> **DATA EXTRACTS**:
(* Let $m\ge0$ be an integer, $s\in(0,1]$, $x,y\in\mathbb{R}$. For $N\ge1$ let $n_1=Ns$, $z_1=-2Ns-x\sqrt{2N}$, $z_2=-\sqrt{2N}\,y$ (rounded to integers). Then $\sqrt{2N}\,S^*_{m,-n_1}(z_1,z_2)\sim (N/2)^{m/2}S_{-m,-s}(x,y)$ as $N\to\infty$, i.e. $\sqrt{2N}(N/2)^{-m/2}S^*_{m,-n_1}(z_1,z_2)\to S_{-m,-s}(x,y)$.
   Context: With $\phi(w)=\frac{w}{2w-1}$ (i.e. $\phi(w)=(1-q)w/(w-q)$ with $q=1/2$) and $r\in(1/2,1)$, for integers $n$: $S^*_{m,-n}(z_1,z_2)=\frac{1}{2\pi\mathbf{i}}\oint_{|w|=r}\frac{2^{-(z_1-z_2)}}{w^{z_1-z_2+n+1}}(1-w)^n\phi(w)^m\,dw$. For $t<0$ and $k\in\mathbb{Z}$, $S_{k,t}(x,y)=\frac{1}{2\pi\mathbf{i}}\oint_\Gamma e^{\frac t2 z^2+(x-y)z}z^k\,dz$, where for some $0<\theta<\pi/4$, $d>0$, $\Gamma=\{d+e^{\mathbf{i}\theta}u:u\in(-\infty,0]\}\cup\{d-e^{-\mathbf{i}\theta}u:u\in[0,\infty)\}$ (traversed in the order of $u$). *)

theory Defs
  imports "HOL-Complex_Analysis.Complex_Analysis"
begin

text \<open>phi(w) = w/(2w-1), i.e. (1-q)w/(w-q) with q = 1/2.\<close>
definition phi :: "complex \<Rightarrow> complex" where
  "phi w = w / (2 * w - 1)"

definition Sstar :: "real \<Rightarrow> nat \<Rightarrow> int \<Rightarrow> int \<Rightarrow> int \<Rightarrow> complex" where
  "Sstar r m k z1 z2 =
     contour_integral (circlepath 0 r)
       (\<lambda>w. (2::complex) powi (-(z1 - z2)) / w powi (z1 - z2 + (-k) + 1)
              * (1 - w) powi (-k) * phi w ^ m) / (2 * of_real pi * \<i>)"

definition Skernel :: "int \<Rightarrow> real \<Rightarrow> real \<Rightarrow> real \<Rightarrow> complex \<Rightarrow> complex" where
  "Skernel k t x y z = exp (of_real t / 2 * z ^ 2 + of_real (x - y) * z) * z powi k"

text \<open>S_{k,t}(x,y) for t < 0: integral over the contour
  Gamma = {d + e^{i theta} u : u \<in> (-inf,0]} \<union> {d - e^{-i theta} u : u \<in> [0,inf)},
  traversed in the order of u, written via the parametrisations of the two rays.\<close>
definition Scont :: "real \<Rightarrow> real \<Rightarrow> int \<Rightarrow> real \<Rightarrow> real \<Rightarrow> real \<Rightarrow> complex" where
  "Scont \<theta> d k t x y =
     (integral {..0::real} (\<lambda>u. Skernel k t x y (of_real d + cis \<theta> * of_real u) * cis \<theta>)
      + integral {0::real..} (\<lambda>u. Skernel k t x y (of_real d - cis (-\<theta>) * of_real u) * (- cis (-\<theta>))))
     / (2 * of_real pi * \<i>)"

end

theory Submission
  imports Defs "HOL-Real_Asymp.Real_Asymp"
begin

text \<open>
  Both sides are evaluated exactly as residues.  Inside the circle |w| = r the integrand of
  S* has a single pole, of order m, at w = 1/2.  After the substitution u = 2w - 1 its residue
  is 2^(-m) times the coefficient of u^(m-1) in (1 + u)^(n+q) (1 - u)^n = (1 - u^2)^n (1 + u)^q,
  where n ~ N s and q ~ (x - y) sqrt(2N).  Rescaling u by sqrt(2N), the coefficients of
  (1 - u^2)^n and (1 + u)^q converge to those of exp(-s u^2/2) and exp((x - y) u).
  On the other side, the Gaussian factor decays in the sector to the left of the contour,
  so the contour can be closed there: S_{-m,-s}(x, y) is the residue at 0 of
  exp(-s z^2/2 + (x - y) z) / z^m, which is the coefficient of z^(m-1) in the same product
  of exponential series.
\<close>

unbundle no vec_syntax

section \<open>S* as a Taylor coefficient\<close>

lemma fps_nth_one_minus_X2_power:
  "((1 - fps_X\<^sup>2 :: 'a::field_char_0 fps) ^ n) $ k =
     (if even k then (-1) ^ (k div 2) * of_nat (n choose (k div 2)) else 0)"
proof -
  have "(1 - fps_X :: 'a fps) = (1 + fps_X) oo - fps_X"
    by (simp add: fps_compose_add_distrib)
  hence "(1 - fps_X :: 'a fps) ^ n = fps_binomial (of_nat n) oo - fps_X"
    by (simp add: fps_binomial_of_nat fps_compose_power)
  hence "((1 - fps_X :: 'a fps) ^ n) $ i = (-1) ^ i * of_nat (n choose i)" for i
    by (simp add: fps_compose_uminus' binomial_gbinomial)
  moreover have "(1 - fps_X\<^sup>2 :: 'a fps) = (1 - fps_X) oo fps_X\<^sup>2"
    by (simp add: fps_compose_sub_distrib)
  hence "(1 - fps_X\<^sup>2 :: 'a fps) ^ n = (1 - fps_X) ^ n oo fps_X\<^sup>2"
    by (simp add: fps_compose_power)
  ultimately show ?thesis
    by (simp add: fps_nth_compose_X_power)
qed

lemma fps_one_plus_X_power_times_one_minus_X_power:
  fixes P n :: nat and q :: int
  assumes "int P = int n + q"
  shows "(1 + fps_X :: 'a::field_char_0 fps) ^ P * (1 - fps_X) ^ n
           = (1 - fps_X\<^sup>2) ^ n * fps_binomial (of_int q)"
proof -
  have "(of_nat P :: 'a) = of_nat n + of_int q"
    using assms by (metis of_int_add of_int_of_nat_eq)
  hence "(1 + fps_X :: 'a fps) ^ P = (1 + fps_X) ^ n * fps_binomial (of_int q)"
    by (simp flip: fps_binomial_of_nat add: fps_binomial_add_mult)
  moreover have "(1 + fps_X :: 'a fps) * (1 - fps_X) = 1 - fps_X\<^sup>2"
    by (simp add: algebra_simps power2_eq_square)
  ultimately show ?thesis
    by (metis (no_types, lifting) mult.commute mult.left_commute power_mult_distrib)
qed

lemma Sstar_integrand_eq:
  fixes Z :: int and n E m :: nat and w :: complex
  assumes "Z + int n + 1 = - int E"
  shows "2 powi (- Z) / w powi (Z + int n + 1) * (1 - w) powi (int n) * phi w ^ m
       = 2 powi (1 - 2 * int m) * (1 + (2 * w + -1)) ^ (E + m) * (1 - (2 * w + -1)) ^ n
           / (w - 1/2) ^ m"
proof -
  have "- Z = (1 - 2 * int m) + int (E + m) + int n + int m"
    using assms by simp
  moreover have "(2::complex) powi (a + b) = 2 powi a * 2 powi b" for a b
    by (simp add: power_int_add)
  ultimately have two: "(2::complex) powi (- Z)
      = 2 powi (1 - 2 * int m) * 2 ^ (E + m) * 2 ^ n * 2 ^ m"
    by (simp only: power_int_of_nat)
  have w: "w powi (Z + int n + 1) = inverse (w ^ E)"
    using assms by (simp add: power_int_minus)
  have phi: "phi w ^ m = w ^ m / (2 ^ m * (w - 1/2) ^ m)"
    by (simp add: phi_def power_divide flip: power_mult_distrib)
  have shift: "1 + (2 * w + -1) = 2 * w" "1 - (2 * w + -1) = 2 * (1 - w)"
    by simp_all
  show ?thesis
    unfolding two w phi shift power_mult_distrib by (simp add: power_add field_simps)
qed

> **REQUIRED WORK**:
Write out each record exactly, without addition or omission.

> **ANSWER TO THIS TASK**:
(* Let $m\ge0$ be an integer, $s\in(0,1]$, $x,y\in\mathbb{R}$. For $N\ge1$ let $n_1=Ns$, $z_1=-2Ns-x\sqrt{2N}$, $z_2=-\sqrt{2N}\,y$ (rounded to integers). Then $\sqrt{2N}\,S^*_{m,-n_1}(z_1,z_2)\sim (N/2)^{m/2}S_{-m,-s}(x,y)$ as $N\to\infty$, i.e. $\sqrt{2N}(N/2)^{-m/2}S^*_{m,-n_1}(z_1,z_2)\to S_{-m,-s}(x,y)$.
   Context: With $\phi(w)=\frac{w}{2w-1}$ (i.e. $\phi(w)=(1-q)w/(w-q)$ with $q=1/2$) and $r\in(1/2,1)$, for integers $n$: $S^*_{m,-n}(z_1,z_2)=\frac{1}{2\pi\mathbf{i}}\oint_{|w|=r}\frac{2^{-(z_1-z_2)}}{w^{z_1-z_2+n+1}}(1-w)^n\phi(w)^m\,dw$. For $t<0$ and $k\in\mathbb{Z}$, $S_{k,t}(x,y)=\frac{1}{2\pi\mathbf{i}}\oint_\Gamma e^{\frac t2 z^2+(x-y)z}z^k\,dz$, where for some $0<\theta<\pi/4$, $d>0$, $\Gamma=\{d+e^{\mathbf{i}\theta}u:u\in(-\infty,0]\}\cup\{d-e^{-\mathbf{i}\theta}u:u\in[0,\infty)\}$ (traversed in the order of $u$). *)

theory Defs
  imports "HOL-Complex_Analysis.Complex_Analysis"
begin

text \<open>phi(w) = w/(2w-1), i.e. (1-q)w/(w-q) with q = 1/2.\<close>
definition phi :: "complex \<Rightarrow> complex" where
  "phi w = w / (2 * w - 1)"

definition Sstar :: "real \<Rightarrow> nat \<Rightarrow> int \<Rightarrow> int \<Rightarrow> int \<Rightarrow> complex" where
  "Sstar r m k z1 z2 =
     contour_integral (circlepath 0 r)
       (\<lambda>w. (2::complex) powi (-(z1 - z2)) / w powi (z1 - z2 + (-k) + 1)
              * (1 - w) powi (-k) * phi w ^ m) / (2 * of_real pi * \<i>)"

definition Skernel :: "int \<Rightarrow> real \<Rightarrow> real \<Rightarrow> real \<Rightarrow> complex \<Rightarrow> complex" where
  "Skernel k t x y z = exp (of_real t / 2 * z ^ 2 + of_real (x - y) * z) * z powi k"

text \<open>S_{k,t}(x,y) for t < 0: integral over the contour
  Gamma = {d + e^{i theta} u : u \<in> (-inf,0]} \<union> {d - e^{-i theta} u : u \<in> [0,inf)},
  traversed in the order of u, written via the parametrisations of the two rays.\<close>
definition Scont :: "real \<Rightarrow> real \<Rightarrow> int \<Rightarrow> real \<Rightarrow> real \<Rightarrow> real \<Rightarrow> complex" where
  "Scont \<theta> d k t x y =
     (integral {..0::real} (\<lambda>u. Skernel k t x y (of_real d + cis \<theta> * of_real u) * cis \<theta>)
      + integral {0::real..} (\<lambda>u. Skernel k t x y (of_real d - cis (-\<theta>) * of_real u) * (- cis (-\<theta>))))
     / (2 * of_real pi * \<i>)"

end

theory Submission
  imports Defs "HOL-Real_Asymp.Real_Asymp"
begin

text \<open>
  Both sides are evaluated exactly as residues.  Inside the circle |w| = r the integrand of
  S* has a single pole, of order m, at w = 1/2.  After the substitution u = 2w - 1 its residue
  is 2^(-m) times the coefficient of u^(m-1) in (1 + u)^(n+q) (1 - u)^n = (1 - u^2)^n (1 + u)^q,
  where n ~ N s and q ~ (x - y) sqrt(2N).  Rescaling u by sqrt(2N), the coefficients of
  (1 - u^2)^n and (1 + u)^q converge to those of exp(-s u^2/2) and exp((x - y) u).
  On the other side, the Gaussian factor decays in the sector to the left of the contour,
  so the contour can be closed there: S_{-m,-s}(x, y) is the residue at 0 of
  exp(-s z^2/2 + (x - y) z) / z^m, which is the coefficient of z^(m-1) in the same product
  of exponential series.
\<close>

unbundle no vec_syntax

section \<open>S* as a Taylor coefficient\<close>

lemma fps_nth_one_minus_X2_power:
  "((1 - fps_X\<^sup>2 :: 'a::field_char_0 fps) ^ n) $ k =
     (if even k then (-1) ^ (k div 2) * of_nat (n choose (k div 2)) else 0)"
proof -
  have "(1 - fps_X :: 'a fps) = (1 + fps_X) oo - fps_X"
    by (simp add: fps_compose_add_distrib)
  hence "(1 - fps_X :: 'a fps) ^ n = fps_binomial (of_nat n) oo - fps_X"
    by (simp add: fps_binomial_of_nat fps_compose_power)
  hence "((1 - fps_X :: 'a fps) ^ n) $ i = (-1) ^ i * of_nat (n choose i)" for i
    by (simp add: fps_compose_uminus' binomial_gbinomial)
  moreover have "(1 - fps_X\<^sup>2 :: 'a fps) = (1 - fps_X) oo fps_X\<^sup>2"
    by (simp add: fps_compose_sub_distrib)
  hence "(1 - fps_X\<^sup>2 :: 'a fps) ^ n = (1 - fps_X) ^ n oo fps_X\<^sup>2"
    by (simp add: fps_compose_power)
  ultimately show ?thesis
    by (simp add: fps_nth_compose_X_power)
qed

lemma fps_one_plus_X_power_times_one_minus_X_power:
  fixes P n :: nat and q :: int
  assumes "int P = int n + q"
  shows "(1 + fps_X :: 'a::field_char_0 fps) ^ P * (1 - fps_X) ^ n
           = (1 - fps_X\<^sup>2) ^ n * fps_binomial (of_int q)"
proof -
  have "(of_nat P :: 'a) = of_nat n + of_int q"
    using assms by (metis of_int_add of_int_of_nat_eq)
  hence "(1 + fps_X :: 'a fps) ^ P = (1 + fps_X) ^ n * fps_binomial (of_int q)"
    by (simp flip: fps_binomial_of_nat add: fps_binomial_add_mult)
  moreover have "(1 + fps_X :: 'a fps) * (1 - fps_X) = 1 - fps_X\<^sup>2"
    by (simp add: algebra_simps power2_eq_square)
  ultimately show ?thesis
    by (metis (no_types, lifting) mult.commute mult.left_commute power_mult_distrib)
qed

lemma Sstar_integrand_eq:
  fixes Z :: int and n E m :: nat and w :: complex
  assumes "Z + int n + 1 = - int E"
  shows "2 powi (- Z) / w powi (Z + int n + 1) * (1 - w) powi (int n) * phi w ^ m
       = 2 powi (1 - 2 * int m) * (1 + (2 * w + -1)) ^ (E + m) * (1 - (2 * w + -1)) ^ n
           / (w - 1/2) ^ m"
proof -
  have "- Z = (1 - 2 * int m) + int (E + m) + int n + int m"
    using assms by simp
  moreover have "(2::complex) powi (a + b) = 2 powi a * 2 powi b" for a b
    by (simp add: power_int_add)
  ultimately have two: "(2::complex) powi (- Z)
      = 2 powi (1 - 2 * int m) * 2 ^ (E + m) * 2 ^ n * 2 ^ m"
    by (simp only: power_int_of_nat)
  have w: "w powi (Z + int n + 1) = inverse (w ^ E)"
    using assms by (simp add: power_int_minus)
  have phi: "phi w ^ m = w ^ m / (2 ^ m * (w - 1/2) ^ m)"
    by (simp add: phi_def power_divide flip: power_mult_distrib)
  have shift: "1 + (2 * w + -1) = 2 * w" "1 - (2 * w + -1) = 2 * (1 - w)"
    by simp_all
  show ?thesis
    unfolding two w phi shift power_mult_distrib by (simp add: power_add field_simps)
qed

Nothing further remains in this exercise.